What to produce >>
Please restate, word for word, the lines below that begin at the one with "by (blast intro: IPC_from.mp" and end at the one with "then show False". Leave out all other lines.

____________________

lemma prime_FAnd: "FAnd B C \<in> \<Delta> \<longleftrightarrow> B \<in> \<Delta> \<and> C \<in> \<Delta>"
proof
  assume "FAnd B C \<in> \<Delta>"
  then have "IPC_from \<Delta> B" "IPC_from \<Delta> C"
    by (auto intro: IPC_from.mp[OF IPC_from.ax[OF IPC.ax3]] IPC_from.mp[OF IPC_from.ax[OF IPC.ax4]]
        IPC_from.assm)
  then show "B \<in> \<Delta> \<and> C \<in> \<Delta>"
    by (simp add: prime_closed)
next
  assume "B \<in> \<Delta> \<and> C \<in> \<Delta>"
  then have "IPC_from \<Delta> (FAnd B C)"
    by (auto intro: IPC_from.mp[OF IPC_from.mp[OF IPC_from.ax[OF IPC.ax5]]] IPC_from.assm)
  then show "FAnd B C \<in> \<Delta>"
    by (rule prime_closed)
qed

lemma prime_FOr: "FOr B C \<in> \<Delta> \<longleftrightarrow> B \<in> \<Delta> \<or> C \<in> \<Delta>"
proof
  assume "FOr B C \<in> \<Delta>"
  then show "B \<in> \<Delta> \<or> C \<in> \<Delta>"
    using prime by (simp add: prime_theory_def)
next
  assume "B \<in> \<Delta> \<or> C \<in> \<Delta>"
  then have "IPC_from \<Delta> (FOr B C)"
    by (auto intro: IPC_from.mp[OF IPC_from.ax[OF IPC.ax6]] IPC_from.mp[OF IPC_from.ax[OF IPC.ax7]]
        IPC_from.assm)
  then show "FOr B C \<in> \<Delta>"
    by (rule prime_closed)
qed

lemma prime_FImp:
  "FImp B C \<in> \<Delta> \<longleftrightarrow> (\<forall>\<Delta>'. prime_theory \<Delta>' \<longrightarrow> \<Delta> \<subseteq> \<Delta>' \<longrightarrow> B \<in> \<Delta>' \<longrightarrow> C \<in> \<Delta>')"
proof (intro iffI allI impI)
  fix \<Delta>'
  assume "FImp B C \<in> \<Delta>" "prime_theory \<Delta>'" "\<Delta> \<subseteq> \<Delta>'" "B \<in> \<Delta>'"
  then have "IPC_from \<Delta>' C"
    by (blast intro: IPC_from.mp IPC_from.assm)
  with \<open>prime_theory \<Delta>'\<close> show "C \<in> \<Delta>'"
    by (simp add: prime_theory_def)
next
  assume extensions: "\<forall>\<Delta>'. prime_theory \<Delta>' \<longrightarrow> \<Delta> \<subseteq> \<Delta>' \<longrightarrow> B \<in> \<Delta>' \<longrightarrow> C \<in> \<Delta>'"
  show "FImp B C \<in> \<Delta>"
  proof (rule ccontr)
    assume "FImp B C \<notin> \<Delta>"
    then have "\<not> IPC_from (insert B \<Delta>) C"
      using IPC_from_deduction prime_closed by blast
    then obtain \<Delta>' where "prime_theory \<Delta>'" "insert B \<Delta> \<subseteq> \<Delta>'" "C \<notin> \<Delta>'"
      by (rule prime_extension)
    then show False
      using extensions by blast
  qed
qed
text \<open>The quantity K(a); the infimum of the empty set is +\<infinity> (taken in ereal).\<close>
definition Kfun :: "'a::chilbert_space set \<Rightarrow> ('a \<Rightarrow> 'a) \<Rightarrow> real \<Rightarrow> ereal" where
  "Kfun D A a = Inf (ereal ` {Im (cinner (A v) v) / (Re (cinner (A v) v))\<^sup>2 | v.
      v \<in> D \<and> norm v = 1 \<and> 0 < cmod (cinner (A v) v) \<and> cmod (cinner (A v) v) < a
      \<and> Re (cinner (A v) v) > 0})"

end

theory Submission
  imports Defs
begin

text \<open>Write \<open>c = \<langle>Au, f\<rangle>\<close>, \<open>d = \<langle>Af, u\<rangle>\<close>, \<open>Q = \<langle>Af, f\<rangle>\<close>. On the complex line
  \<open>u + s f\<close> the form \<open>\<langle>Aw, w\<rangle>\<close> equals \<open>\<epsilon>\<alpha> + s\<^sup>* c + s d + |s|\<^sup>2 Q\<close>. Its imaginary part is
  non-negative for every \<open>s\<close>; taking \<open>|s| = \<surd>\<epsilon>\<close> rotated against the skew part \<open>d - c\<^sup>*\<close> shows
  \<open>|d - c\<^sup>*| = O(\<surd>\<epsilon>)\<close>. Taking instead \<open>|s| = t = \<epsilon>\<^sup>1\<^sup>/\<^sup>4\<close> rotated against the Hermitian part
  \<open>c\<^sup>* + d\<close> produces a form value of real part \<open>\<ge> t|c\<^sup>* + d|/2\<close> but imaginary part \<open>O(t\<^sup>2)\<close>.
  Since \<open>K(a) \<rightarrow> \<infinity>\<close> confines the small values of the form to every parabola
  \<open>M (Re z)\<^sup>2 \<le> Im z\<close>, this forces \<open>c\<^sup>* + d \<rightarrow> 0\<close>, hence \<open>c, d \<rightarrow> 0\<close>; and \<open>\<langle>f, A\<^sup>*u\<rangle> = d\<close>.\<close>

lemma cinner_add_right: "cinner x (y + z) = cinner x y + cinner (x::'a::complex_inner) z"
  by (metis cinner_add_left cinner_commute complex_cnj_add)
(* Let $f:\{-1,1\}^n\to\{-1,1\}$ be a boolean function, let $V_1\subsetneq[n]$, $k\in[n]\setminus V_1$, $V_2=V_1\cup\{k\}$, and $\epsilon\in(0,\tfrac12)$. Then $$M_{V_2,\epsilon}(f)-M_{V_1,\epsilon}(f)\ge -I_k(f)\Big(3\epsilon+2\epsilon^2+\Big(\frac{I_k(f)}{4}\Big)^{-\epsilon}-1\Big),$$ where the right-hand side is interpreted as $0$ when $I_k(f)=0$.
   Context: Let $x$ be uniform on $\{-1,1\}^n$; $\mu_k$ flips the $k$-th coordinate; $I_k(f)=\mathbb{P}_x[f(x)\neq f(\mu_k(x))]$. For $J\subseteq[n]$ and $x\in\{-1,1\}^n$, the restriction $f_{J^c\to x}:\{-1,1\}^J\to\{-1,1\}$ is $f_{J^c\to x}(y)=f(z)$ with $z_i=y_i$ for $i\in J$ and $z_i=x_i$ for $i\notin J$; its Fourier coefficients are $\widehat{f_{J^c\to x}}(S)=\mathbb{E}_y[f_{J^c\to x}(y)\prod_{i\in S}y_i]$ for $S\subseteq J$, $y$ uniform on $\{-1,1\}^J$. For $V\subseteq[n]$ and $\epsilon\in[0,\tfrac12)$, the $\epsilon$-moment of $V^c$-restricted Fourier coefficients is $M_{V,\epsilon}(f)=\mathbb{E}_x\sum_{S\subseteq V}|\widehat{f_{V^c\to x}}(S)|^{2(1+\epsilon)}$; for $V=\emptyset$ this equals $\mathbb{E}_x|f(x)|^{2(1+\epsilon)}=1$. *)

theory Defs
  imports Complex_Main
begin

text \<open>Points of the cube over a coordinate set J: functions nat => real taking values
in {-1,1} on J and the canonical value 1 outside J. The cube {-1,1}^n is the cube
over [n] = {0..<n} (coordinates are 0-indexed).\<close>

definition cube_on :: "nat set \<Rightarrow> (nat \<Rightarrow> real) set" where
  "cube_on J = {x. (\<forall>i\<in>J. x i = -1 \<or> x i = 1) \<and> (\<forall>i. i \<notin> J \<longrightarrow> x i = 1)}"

____________________

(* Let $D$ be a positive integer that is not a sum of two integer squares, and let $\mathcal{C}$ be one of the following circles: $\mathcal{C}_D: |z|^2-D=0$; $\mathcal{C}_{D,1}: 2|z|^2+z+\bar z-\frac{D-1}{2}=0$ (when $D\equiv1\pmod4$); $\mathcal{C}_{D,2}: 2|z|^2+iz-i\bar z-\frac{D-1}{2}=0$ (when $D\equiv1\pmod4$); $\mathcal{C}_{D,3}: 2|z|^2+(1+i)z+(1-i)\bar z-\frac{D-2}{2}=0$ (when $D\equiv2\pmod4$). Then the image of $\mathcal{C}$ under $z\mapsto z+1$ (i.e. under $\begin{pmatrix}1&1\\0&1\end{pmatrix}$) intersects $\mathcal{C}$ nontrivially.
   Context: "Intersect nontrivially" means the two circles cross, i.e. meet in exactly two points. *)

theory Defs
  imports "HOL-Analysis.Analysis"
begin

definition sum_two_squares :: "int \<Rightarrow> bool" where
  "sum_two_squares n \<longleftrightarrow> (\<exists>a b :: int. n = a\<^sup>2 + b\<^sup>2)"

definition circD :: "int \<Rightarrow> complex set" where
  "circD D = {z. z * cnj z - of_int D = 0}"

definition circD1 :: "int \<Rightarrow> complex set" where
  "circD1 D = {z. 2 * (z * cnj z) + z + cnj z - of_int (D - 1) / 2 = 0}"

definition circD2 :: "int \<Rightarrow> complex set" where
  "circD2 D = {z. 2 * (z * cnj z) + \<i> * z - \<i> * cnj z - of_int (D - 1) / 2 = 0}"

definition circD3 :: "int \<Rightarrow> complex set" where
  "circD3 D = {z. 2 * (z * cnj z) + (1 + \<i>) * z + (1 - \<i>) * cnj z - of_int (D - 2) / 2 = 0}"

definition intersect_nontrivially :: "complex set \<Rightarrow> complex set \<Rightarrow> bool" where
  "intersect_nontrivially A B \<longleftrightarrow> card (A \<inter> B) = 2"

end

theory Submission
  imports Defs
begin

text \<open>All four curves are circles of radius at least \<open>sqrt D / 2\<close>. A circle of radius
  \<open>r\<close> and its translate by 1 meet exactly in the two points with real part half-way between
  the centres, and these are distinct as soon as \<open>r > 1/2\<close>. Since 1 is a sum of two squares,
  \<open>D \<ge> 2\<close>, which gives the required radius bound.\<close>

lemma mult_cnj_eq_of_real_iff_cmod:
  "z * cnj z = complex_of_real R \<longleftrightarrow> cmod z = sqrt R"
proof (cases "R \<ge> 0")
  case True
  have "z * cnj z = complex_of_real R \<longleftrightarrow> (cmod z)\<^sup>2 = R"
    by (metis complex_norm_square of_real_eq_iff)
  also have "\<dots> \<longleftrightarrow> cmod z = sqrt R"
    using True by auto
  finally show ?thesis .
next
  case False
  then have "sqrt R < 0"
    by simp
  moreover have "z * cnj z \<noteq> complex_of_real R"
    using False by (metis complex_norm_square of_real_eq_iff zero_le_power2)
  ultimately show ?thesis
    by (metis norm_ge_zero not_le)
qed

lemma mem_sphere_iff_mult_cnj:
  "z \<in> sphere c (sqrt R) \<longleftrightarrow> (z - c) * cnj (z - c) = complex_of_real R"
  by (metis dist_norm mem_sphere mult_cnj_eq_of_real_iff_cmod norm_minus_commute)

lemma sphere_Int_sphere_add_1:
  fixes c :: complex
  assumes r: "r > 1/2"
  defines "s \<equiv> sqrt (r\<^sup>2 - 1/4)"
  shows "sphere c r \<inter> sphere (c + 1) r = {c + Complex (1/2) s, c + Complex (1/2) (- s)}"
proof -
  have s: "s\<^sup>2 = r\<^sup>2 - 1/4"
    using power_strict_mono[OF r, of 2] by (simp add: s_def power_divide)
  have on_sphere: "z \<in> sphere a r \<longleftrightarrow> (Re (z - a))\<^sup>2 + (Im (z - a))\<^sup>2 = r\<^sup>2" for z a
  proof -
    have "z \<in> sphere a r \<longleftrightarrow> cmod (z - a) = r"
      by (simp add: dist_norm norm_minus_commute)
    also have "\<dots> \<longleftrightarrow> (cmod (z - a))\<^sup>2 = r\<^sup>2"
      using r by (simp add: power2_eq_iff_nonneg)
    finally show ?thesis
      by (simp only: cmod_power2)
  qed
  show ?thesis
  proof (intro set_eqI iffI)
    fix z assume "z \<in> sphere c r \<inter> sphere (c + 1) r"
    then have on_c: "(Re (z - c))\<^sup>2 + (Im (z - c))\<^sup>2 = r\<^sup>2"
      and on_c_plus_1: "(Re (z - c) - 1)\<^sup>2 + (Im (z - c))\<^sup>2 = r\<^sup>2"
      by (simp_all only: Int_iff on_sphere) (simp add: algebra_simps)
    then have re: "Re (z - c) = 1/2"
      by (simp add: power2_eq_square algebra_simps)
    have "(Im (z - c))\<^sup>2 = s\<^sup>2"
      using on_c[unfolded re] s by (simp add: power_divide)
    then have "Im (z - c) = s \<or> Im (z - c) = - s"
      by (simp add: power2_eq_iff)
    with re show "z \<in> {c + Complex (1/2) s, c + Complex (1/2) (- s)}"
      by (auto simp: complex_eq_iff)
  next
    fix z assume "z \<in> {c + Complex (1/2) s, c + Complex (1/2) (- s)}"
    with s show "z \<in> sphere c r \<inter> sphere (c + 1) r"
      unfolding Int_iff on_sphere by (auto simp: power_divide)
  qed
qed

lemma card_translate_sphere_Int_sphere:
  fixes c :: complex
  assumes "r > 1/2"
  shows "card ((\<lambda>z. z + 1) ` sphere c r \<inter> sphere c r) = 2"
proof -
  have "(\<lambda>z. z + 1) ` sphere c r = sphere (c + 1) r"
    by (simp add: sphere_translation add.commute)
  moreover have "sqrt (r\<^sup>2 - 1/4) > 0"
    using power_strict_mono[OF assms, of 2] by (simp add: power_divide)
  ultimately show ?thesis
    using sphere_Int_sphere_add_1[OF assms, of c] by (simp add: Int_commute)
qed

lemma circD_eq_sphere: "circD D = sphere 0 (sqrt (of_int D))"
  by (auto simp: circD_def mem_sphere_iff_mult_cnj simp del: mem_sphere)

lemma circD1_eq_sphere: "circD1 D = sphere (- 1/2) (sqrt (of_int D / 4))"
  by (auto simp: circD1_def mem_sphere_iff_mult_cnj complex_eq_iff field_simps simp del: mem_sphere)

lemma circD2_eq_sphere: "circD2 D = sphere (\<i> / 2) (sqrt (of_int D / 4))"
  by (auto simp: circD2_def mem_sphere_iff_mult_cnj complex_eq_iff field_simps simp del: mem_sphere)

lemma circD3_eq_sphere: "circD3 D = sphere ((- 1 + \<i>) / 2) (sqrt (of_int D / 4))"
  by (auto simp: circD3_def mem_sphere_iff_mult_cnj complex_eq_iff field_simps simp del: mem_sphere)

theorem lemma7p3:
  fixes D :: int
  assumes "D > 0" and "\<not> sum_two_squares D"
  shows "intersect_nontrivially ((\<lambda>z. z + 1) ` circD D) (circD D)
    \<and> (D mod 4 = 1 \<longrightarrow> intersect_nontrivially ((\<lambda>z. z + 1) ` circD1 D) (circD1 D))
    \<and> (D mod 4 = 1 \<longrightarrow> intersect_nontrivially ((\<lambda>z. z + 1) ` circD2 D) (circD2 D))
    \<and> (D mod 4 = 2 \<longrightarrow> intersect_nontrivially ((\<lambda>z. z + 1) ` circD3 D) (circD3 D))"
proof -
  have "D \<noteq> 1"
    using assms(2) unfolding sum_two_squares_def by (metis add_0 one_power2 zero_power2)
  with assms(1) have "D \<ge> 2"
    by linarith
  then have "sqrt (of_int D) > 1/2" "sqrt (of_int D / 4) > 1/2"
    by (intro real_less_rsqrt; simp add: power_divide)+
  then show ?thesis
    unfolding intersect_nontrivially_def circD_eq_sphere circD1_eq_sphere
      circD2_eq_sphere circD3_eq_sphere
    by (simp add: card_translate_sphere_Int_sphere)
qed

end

____________________

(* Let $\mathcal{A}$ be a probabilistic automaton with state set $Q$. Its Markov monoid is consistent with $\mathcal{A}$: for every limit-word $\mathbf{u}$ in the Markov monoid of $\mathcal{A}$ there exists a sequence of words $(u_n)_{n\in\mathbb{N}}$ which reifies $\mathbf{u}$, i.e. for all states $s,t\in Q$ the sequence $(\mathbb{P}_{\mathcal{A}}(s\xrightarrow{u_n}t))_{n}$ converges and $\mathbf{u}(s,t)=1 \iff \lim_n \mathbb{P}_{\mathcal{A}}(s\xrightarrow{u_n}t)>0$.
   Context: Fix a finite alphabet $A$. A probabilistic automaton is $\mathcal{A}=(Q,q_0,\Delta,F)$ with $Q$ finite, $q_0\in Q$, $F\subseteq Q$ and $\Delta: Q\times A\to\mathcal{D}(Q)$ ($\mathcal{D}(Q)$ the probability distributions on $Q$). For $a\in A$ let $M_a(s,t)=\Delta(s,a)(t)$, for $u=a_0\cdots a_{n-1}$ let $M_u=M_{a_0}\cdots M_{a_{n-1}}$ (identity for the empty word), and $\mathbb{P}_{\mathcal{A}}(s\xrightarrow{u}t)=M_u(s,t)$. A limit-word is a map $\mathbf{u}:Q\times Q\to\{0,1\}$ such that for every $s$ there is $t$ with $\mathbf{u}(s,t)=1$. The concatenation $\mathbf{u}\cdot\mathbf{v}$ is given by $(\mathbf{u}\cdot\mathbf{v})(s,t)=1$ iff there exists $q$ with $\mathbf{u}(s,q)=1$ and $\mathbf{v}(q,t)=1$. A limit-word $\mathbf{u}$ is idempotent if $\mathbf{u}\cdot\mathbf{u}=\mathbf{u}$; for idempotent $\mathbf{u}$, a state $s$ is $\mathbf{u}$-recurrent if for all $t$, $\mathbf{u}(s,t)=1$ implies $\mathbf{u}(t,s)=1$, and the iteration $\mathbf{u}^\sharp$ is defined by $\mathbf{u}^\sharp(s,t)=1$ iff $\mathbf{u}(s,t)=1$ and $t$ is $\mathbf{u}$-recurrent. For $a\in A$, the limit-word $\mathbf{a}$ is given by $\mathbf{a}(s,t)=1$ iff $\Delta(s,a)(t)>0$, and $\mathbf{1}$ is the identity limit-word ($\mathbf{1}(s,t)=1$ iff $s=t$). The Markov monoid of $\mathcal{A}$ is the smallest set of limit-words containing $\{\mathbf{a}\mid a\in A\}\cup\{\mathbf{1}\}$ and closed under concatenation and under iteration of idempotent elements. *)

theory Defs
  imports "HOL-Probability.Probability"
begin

____________________

Task output >>
    by (blast intro: IPC_from.mp IPC_from.assm)
  with \<open>prime_theory \<Delta>'\<close> show "C \<in> \<Delta>'"
    by (simp add: prime_theory_def)
next
  assume extensions: "\<forall>\<Delta>'. prime_theory \<Delta>' \<longrightarrow> \<Delta> \<subseteq> \<Delta>' \<longrightarrow> B \<in> \<Delta>' \<longrightarrow> C \<in> \<Delta>'"
  show "FImp B C \<in> \<Delta>"
  proof (rule ccontr)
    assume "FImp B C \<notin> \<Delta>"
    then have "\<not> IPC_from (insert B \<Delta>) C"
      using IPC_from_deduction prime_closed by blast
    then obtain \<Delta>' where "prime_theory \<Delta>'" "insert B \<Delta> \<subseteq> \<Delta>'" "C \<notin> \<Delta>'"
      by (rule prime_extension)
    then show False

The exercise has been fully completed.